One is a gross misrepresentation of the
Florida Supreme Court opinions that approved
Amendment 4 for the ballot. Those opinions
clearly state that only land-use changes to
comprehensive plans will require referenda.
Opponents keep saying all changes will require a
public vote — traffic controls, emergency
evacuation, air and water quality, recreation —
which is nowhere to be found in the court
opinions (floridahometowndemocracy.com).
Another scare tactic is that Amendment 4
will cost jobs. The overdevelopment that crashed
the economy caused the job loss. Housing for
100 million people can be built in Florida right
now without a single land-use change or need
for a referendum, so there are plenty of jobs in
construction and allied industries available … if
there were only home buyers.
But we won’t see much new construction
until the inventory of 300,000 homes is worked
down.

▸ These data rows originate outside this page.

lemma least_squares_matrix:
  fixes X :: "real^'m^'k" and S :: "real^'m^'d"
  assumes inv: "invertible (X ** transpose X)"
  shows "(norm S)\<^sup>2 - trace_form (row_proj X) S \<le> (norm (A ** X - S))\<^sup>2"
    and "(norm ((\<chi> k. matrix_inv (X ** transpose X) *v (X *v S $ k)) ** X - S))\<^sup>2
           = (norm S)\<^sup>2 - trace_form (row_proj X) S"
proof -
  have rows: "(norm S)\<^sup>2 - trace_form (row_proj X) S
      = (\<Sum>k\<in>UNIV. (norm (S $ k))\<^sup>2 - S $ k \<bullet> (row_proj X *v S $ k))"
    by (simp add: power2_norm_matrix trace_form_def sum_subtractf)
  have residual: "(norm (B ** X - S))\<^sup>2 = (\<Sum>k\<in>UNIV. (norm (transpose X *v B $ k - S $ k))\<^sup>2)"
    for B :: "real^'k^'d"
    by (simp add: power2_norm_matrix row_matrix_matrix_mult)
  show "(norm S)\<^sup>2 - trace_form (row_proj X) S \<le> (norm (A ** X - S))\<^sup>2"
    unfolding rows residual by (intro sum_mono least_squares_row_proj(1)[OF inv])
  show "(norm ((\<chi> k. matrix_inv (X ** transpose X) *v (X *v S $ k)) ** X - S))\<^sup>2
           = (norm S)\<^sup>2 - trace_form (row_proj X) S"
    unfolding rows residual
    by (intro sum.cong) (simp_all add: least_squares_row_proj(2)[OF inv] flip: row_proj_apply[OF inv])
qed

text \<open>Minimising over the A_i first leaves the value n |S|^2 - tr(S Q S^T),
  and |S| is constant on the feasible set.\<close>
lemma opt_ref_shape_iff_maximizes_trace_form:
  fixes M :: "nat \<Rightarrow> real^'m^'c" and C :: "real^'m^'d \<Rightarrow> bool"
  assumes inv: "\<forall>i\<in>{1..n}. invertible (M i ** transpose (M i))"
    and norm_const: "\<And>S. C S \<Longrightarrow> (norm S)\<^sup>2 = K"
  shows "opt_ref_shape n M C S \<longleftrightarrow> maximizes_trace_form (\<Sum>i=1..n. row_proj (M i)) C S"
proof -
  let ?Q = "\<Sum>i=1..n. row_proj (M i)"
  define W where "W S = real n * (norm S)\<^sup>2 - trace_form ?Q S" for S :: "real^'m^'d"
  define V where "V A S = (\<Sum>i=1..n. (norm (A i ** M i - S))\<^sup>2)" for A :: "nat \<Rightarrow> real^'c^'d" and S
  define A_opt where
    "A_opt S = (\<lambda>i. \<chi> k. matrix_inv (M i ** transpose (M i)) *v (M i *v S $ k))" for S :: "real^'m^'d"
  have W_sum: "W S = (\<Sum>i=1..n. (norm S)\<^sup>2 - trace_form (row_proj (M i)) S)" for S
    by (simp add: W_def trace_form_sum sum_subtractf)
  have W_le_V: "W S \<le> V A S" for A S
    unfolding W_sum V_def using inv by (intro sum_mono least_squares_matrix(1)) auto
  have V_A_opt: "V (A_opt S) S = W S" for S
    unfolding W_sum V_def A_opt_def using inv by (intro sum.cong least_squares_matrix(2)) auto
  have "opt_ref_shape n M C S \<longleftrightarrow> C S \<and> (\<exists>A. \<forall>A' S'. C S' \<longrightarrow> V A S \<le> V A' S')"
    unfolding opt_ref_shape_def V_def by simp
  also have "\<dots> \<longleftrightarrow> C S \<and> (\<forall>S'. C S' \<longrightarrow> W S \<le> W S')"
    by (metis W_le_V V_A_opt order_trans)
  also have "\<dots> \<longleftrightarrow> maximizes_trace_form ?Q C S"
    using norm_const by (auto simp: W_def maximizes_trace_form_def)
  finally show ?thesis .
qed

section \<open>Householder reflections and centred optimal shapes\<close>

definition householder :: "'a::real_inner \<Rightarrow> 'a \<Rightarrow> 'a" where
  "householder v x = x - (2 * (v \<bullet> x) / (v \<bullet> v)) *\<^sub>R v"

lemma householder_zero [simp]: "householder 0 x = x"
  by (simp add: householder_def)

lemma householder_orthogonal: "v \<bullet> x = 0 \<Longrightarrow> householder v x = x"
  by (simp add: householder_def)

lemma householder_scaleR: "householder v (c *\<^sub>R x) = c *\<^sub>R householder v x"
  by (simp add: householder_def algebra_simps)

lemma inner_householder: "householder v x \<bullet> householder v y = x \<bullet> y"
proof (cases "v = 0")
  case False
  then have "v \<bullet> v \<noteq> 0" by simp
  then show ?thesis
    unfolding householder_def inner_diff_left inner_diff_right inner_scaleR_left inner_scaleR_right
    by (simp add: field_simps inner_commute)
qed simp

lemma householder_diff_eq:
  assumes "norm a = norm b"
  shows "householder (a - b) a = b"
proof (cases "a = b")
  case False
  let ?w = "a - b"
  have "a \<bullet> a = b \<bullet> b" using assms by (simp add: dot_square_norm)
  then have eq: "2 * (?w \<bullet> a) = ?w \<bullet> ?w"
    by (simp add: inner_diff_left inner_diff_right inner_commute)
  have "?w \<bullet> ?w \<noteq> 0" using False by simp
  then have "2 * (?w \<bullet> a) / (?w \<bullet> ?w) = 1" unfolding eq by (rule divide_self)
  then have "householder ?w a = a - ?w" by (simp only: householder_def scaleR_one)
  then show ?thesis by simp
qed simp

lemma gram_householder_rows:
  "(\<chi> k. householder v (S $ k)) ** transpose (\<chi> k. householder v (S $ k)) = S ** transpose (S::real^'m^'d)"
  by (simp add: gram_matrix_eq inner_householder)

text \<open>Reflecting every row of S in v^\<bottom> changes tr(S Q S^T) by
  t^2 (|Sv|^2 v\<bullet>Qv - (v\<bullet>v) (Sv\<bullet>SQv)) with t = 2/(v\<bullet>v).\<close>
lemma trace_form_householder_gt:
  fixes Q :: "real^'m^'m" and S :: "real^'m^'d"
  assumes sym: "\<And>x y. x \<bullet> (Q *v y) = y \<bullet> (Q *v x)"
    and gt: "(v \<bullet> v) * ((S *v v) \<bullet> (S *v (Q *v v))) < (norm (S *v v))\<^sup>2 * (v \<bullet> (Q *v v))"
  shows "trace_form Q S < trace_form Q (\<chi> k. householder v (S $ k))"
proof -
  have "v \<noteq> 0" using gt by auto
  define t where "t = 2 / (v \<bullet> v)"
  have t_pos: "t > 0" and t_vv: "t * (v \<bullet> v) = 2" using \<open>v \<noteq> 0\<close> by (simp_all add: t_def)
  have row: "householder v s \<bullet> (Q *v householder v s)
      = s \<bullet> (Q *v s) + t\<^sup>2 * (v \<bullet> s)\<^sup>2 * (v \<bullet> (Q *v v)) - 2 * t * ((v \<bullet> s) * (v \<bullet> (Q *v s)))" for s
  proof -
    have h: "householder v s = s - (t * (v \<bullet> s)) *\<^sub>R v" by (simp add: householder_def t_def)
    show ?thesis unfolding h
      using sym[of s v] by (simp add: power2_eq_square algebra_simps)
  qed
  have norm_Sv: "(norm (S *v v))\<^sup>2 = (\<Sum>k\<in>UNIV. (v \<bullet> S $ k)\<^sup>2)"
    unfolding power2_norm_eq_inner inner_vec_def[of "S *v v"] matrix_vector_mult_nth
    by (simp add: inner_commute power2_eq_square)
  have Sv_SQv: "(S *v v) \<bullet> (S *v (Q *v v)) = (\<Sum>k\<in>UNIV. (v \<bullet> S $ k) * (v \<bullet> (Q *v S $ k)))"
    unfolding inner_vec_def[of "S *v v"] matrix_vector_mult_nth
    by (simp add: inner_commute sym[of v])
  have "trace_form Q (\<chi> k. householder v (S $ k)) - trace_form Q S
      = t\<^sup>2 * (norm (S *v v))\<^sup>2 * (v \<bullet> (Q *v v)) - 2 * t * ((S *v v) \<bullet> (S *v (Q *v v)))"
    unfolding trace_form_def norm_Sv Sv_SQv
    by (simp add: row sum.distrib sum_subtractf sum_distrib_left sum_distrib_right algebra_simps)
  also have "\<dots> = t\<^sup>2 * ((norm (S *v v))\<^sup>2 * (v \<bullet> (Q *v v)) - (v \<bullet> v) * ((S *v v) \<bullet> (S *v (Q *v v))))"
    by (simp flip: t_vv add: power2_eq_square algebra_simps)
  also have "\<dots> > 0" using gt t_pos by simp
  finally show ?thesis by simp
qed

lemma square_matrix_hits_line:
  fixes M :: "real^'n^'n"
  assumes "a \<noteq> 0"
  shows "\<exists>y \<beta>. y \<noteq> 0 \<and> M *v y = \<beta> *\<^sub>R a"
proof (cases "\<exists>y. y \<noteq> 0 \<and> M *v y = 0")
  case True
  then show ?thesis by (metis scaleR_zero_left)
next
  case False
  then obtain M' where "M' ** M = mat 1" using matrix_left_invertible_ker by blast
  then have "M *v (M' *v a) = a"
    by (simp add: matrix_vector_mul_assoc matrix_left_right_inverse)
  then show ?thesis using assms by (metis matrix_vector_mult_0_right scaleR_one)
qed

text \<open>With S B y = \<beta> S 1, reflecting the rows in v^\<bottom> for v = (\<sigma> - \<beta>) 1 + B y maps
  S 1 to \<sigma> S 1; choosing \<sigma> = 1 or -1 against the sign of S 1 \<bullet> S Q B y makes the
  increase strict.\<close>
lemma trace_form_increase_unless_centered:
  fixes Q :: "real^'m^'m" and B :: "real^'d^'m" and S :: "real^'m^'d"
  assumes sym: "\<And>x y. x \<bullet> (Q *v y) = y \<bullet> (Q *v x)"
    and Q_ones: "Q *v ones = 0"
    and B_pos: "\<And>y. y \<noteq> 0 \<Longrightarrow> 0 < (B *v y) \<bullet> (Q *v (B *v y))"
    and B_ones: "\<And>y. ones \<bullet> (B *v y) = 0"
    and S_ones: "S *v ones \<noteq> 0"
  shows "\<exists>S'. S' ** transpose S' = S ** transpose S \<and> trace_form Q S < trace_form Q S'"
proof -
  define a where "a = S *v ones"
  obtain y \<beta> where "y \<noteq> 0" and SBy: "(S ** B) *v y = \<beta> *\<^sub>R a"
    using square_matrix_hits_line S_ones unfolding a_def by blast
  define r where "r = B *v y"
  have rQr: "0 < r \<bullet> (Q *v r)" unfolding r_def by (rule B_pos[OF \<open>y \<noteq> 0\<close>])
  have ones_Qr: "ones \<bullet> (Q *v r) = 0" using sym[of ones r] Q_ones by simp
  define \<sigma> :: real where "\<sigma> = (if 0 < a \<bullet> (S *v (Q *v r)) then -1 else 1)"
  define v where "v = (\<sigma> - \<beta>) *\<^sub>R ones + r"
  have Qv: "Q *v v = Q *v r"
    by (simp add: v_def matrix_vector_right_distrib matrix_vector_mult_scaleR Q_ones)
  have Sv: "S *v v = \<sigma> *\<^sub>R a"
    using SBy by (simp add: v_def r_def a_def matrix_vector_mul_assoc algebra_simps)
  have vQv: "v \<bullet> (Q *v v) = r \<bullet> (Q *v r)"
    unfolding Qv by (simp add: v_def inner_add_left ones_Qr)
  have norm_Sv: "norm (S *v v) = norm a"
    by (simp add: Sv \<sigma>_def)
  have "(v \<bullet> v) * ((S *v v) \<bullet> (S *v (Q *v v))) \<le> 0"
    by (simp add: Sv Qv \<sigma>_def mult_nonneg_nonpos)
  also have "0 < (norm (S *v v))\<^sup>2 * (v \<bullet> (Q *v v))"
    using rQr S_ones by (simp add: vQv norm_Sv a_def)
  finally show ?thesis
    using trace_form_householder_gt[OF sym] gram_householder_rows by blast
qed

lemma power2_norm_of_gram:
  "S ** transpose S = \<Lambda> \<Longrightarrow> (norm (S::real^'m^'d))\<^sup>2 = (\<Sum>k\<in>UNIV. \<Lambda> $ k $ k)"
  by (auto simp: power2_norm_matrix power2_norm_eq_inner gram_matrix_eq)

lemma trace_form_maximizer_exists:
  fixes Q :: "real^'m^'m" and \<Lambda> :: "real^'d^'d"
  assumes "\<exists>S::real^'m^'d. S ** transpose S = \<Lambda>"
  shows "\<exists>S::real^'m^'d. maximizes_trace_form Q (\<lambda>S. S ** transpose S = \<Lambda>) S"
proof -
  define F where "F = {S::real^'m^'d. S ** transpose S = \<Lambda>}"
  have "closed F"
    unfolding F_def gram_matrix_eq by (intro closed_Collect_eq continuous_intros)
  moreover have "bounded F"
    unfolding bounded_iff F_def
    by (metis (mono_tags) mem_Collect_eq power2_norm_of_gram order_refl real_le_rsqrt)
  ultimately have "compact F" by (simp add: compact_eq_bounded_closed)
  moreover have "continuous_on F (trace_form Q)"
    unfolding trace_form_def
    by (intro continuous_intros continuous_on_compose2[OF linear_continuous_on[OF
          matrix_vector_mul_bounded_linear]]) auto
  moreover have "F \<noteq> {}" using assms by (auto simp: F_def)
  ultimately show ?thesis
    using continuous_attains_sup unfolding maximizes_trace_form_def F_def by fastforce
qed

lemma maximizes_trace_form_centered_iff:
  fixes QI Qc :: "real^'m^'m" and B :: "real^'d^'m" and \<Lambda> :: "real^'d^'d"
  assumes sym: "\<And>x y. x \<bullet> (Qc *v y) = y \<bullet> (Qc *v x)"
    and Qc_ones: "Qc *v ones = 0"
    and B_pos: "\<And>y. y \<noteq> 0 \<Longrightarrow> 0 < (B *v y) \<bullet> (Qc *v (B *v y))"
    and B_ones: "\<And>y. ones \<bullet> (B *v y) = 0"
    and QI_Qc: "\<And>S::real^'m^'d. S *v ones = 0 \<Longrightarrow> trace_form QI S = trace_form Qc S"
  shows "maximizes_trace_form QI (\<lambda>S. S ** transpose S = \<Lambda> \<and> S *v ones = 0) S
     \<longleftrightarrow> maximizes_trace_form Qc (\<lambda>S. S ** transpose S = \<Lambda>) S"
proof -
  have centered: "S *v ones = 0" if "maximizes_trace_form Qc (\<lambda>S. S ** transpose S = \<Lambda>) S"
    for S :: "real^'m^'d"
    using that trace_form_increase_unless_centered[OF sym Qc_ones B_pos B_ones, of S]
    unfolding maximizes_trace_form_def by force
  show ?thesis
  proof
    assume max_I: "maximizes_trace_form QI (\<lambda>S. S ** transpose S = \<Lambda> \<and> S *v ones = 0) S"
    then obtain S0 where max_0: "maximizes_trace_form Qc (\<lambda>S. S ** transpose S = \<Lambda>) S0"
      using trace_form_maximizer_exists unfolding maximizes_trace_form_def by blast
    have "trace_form Qc S0 \<le> trace_form Qc S"
      using max_I max_0 centered[OF max_0] QI_Qc unfolding maximizes_trace_form_def by metis
    then show "maximizes_trace_form Qc (\<lambda>S. S ** transpose S = \<Lambda>) S"
      using max_I max_0 unfolding maximizes_trace_form_def by force
  next
    assume "maximizes_trace_form Qc (\<lambda>S. S ** transpose S = \<Lambda>) S"
    then show "maximizes_trace_form QI (\<lambda>S. S ** transpose S = \<Lambda> \<and> S *v ones = 0) S"
      using centered QI_Qc unfolding maximizes_trace_form_def by metis
  qed
qed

Nocatee, Rivertown and other failed
communities will not be able to recover — if
ever — until consumers reduce their debt. This
is the reality of the paradigm shift. Florida must
find new ways to grow its economy.
Since our state and local governments do not
understand the dynamic or causes of this
paradigm shift, the voters will have to take some
control. The answer to “build, baby, build” and a
sick economy is the Hometown Democracy
Amendment, Amendment 4 on the Nov. 2
ballot. It will give citizens a seat at the table on
decisions that affect their neighborhoods, their
communities and their quality of life.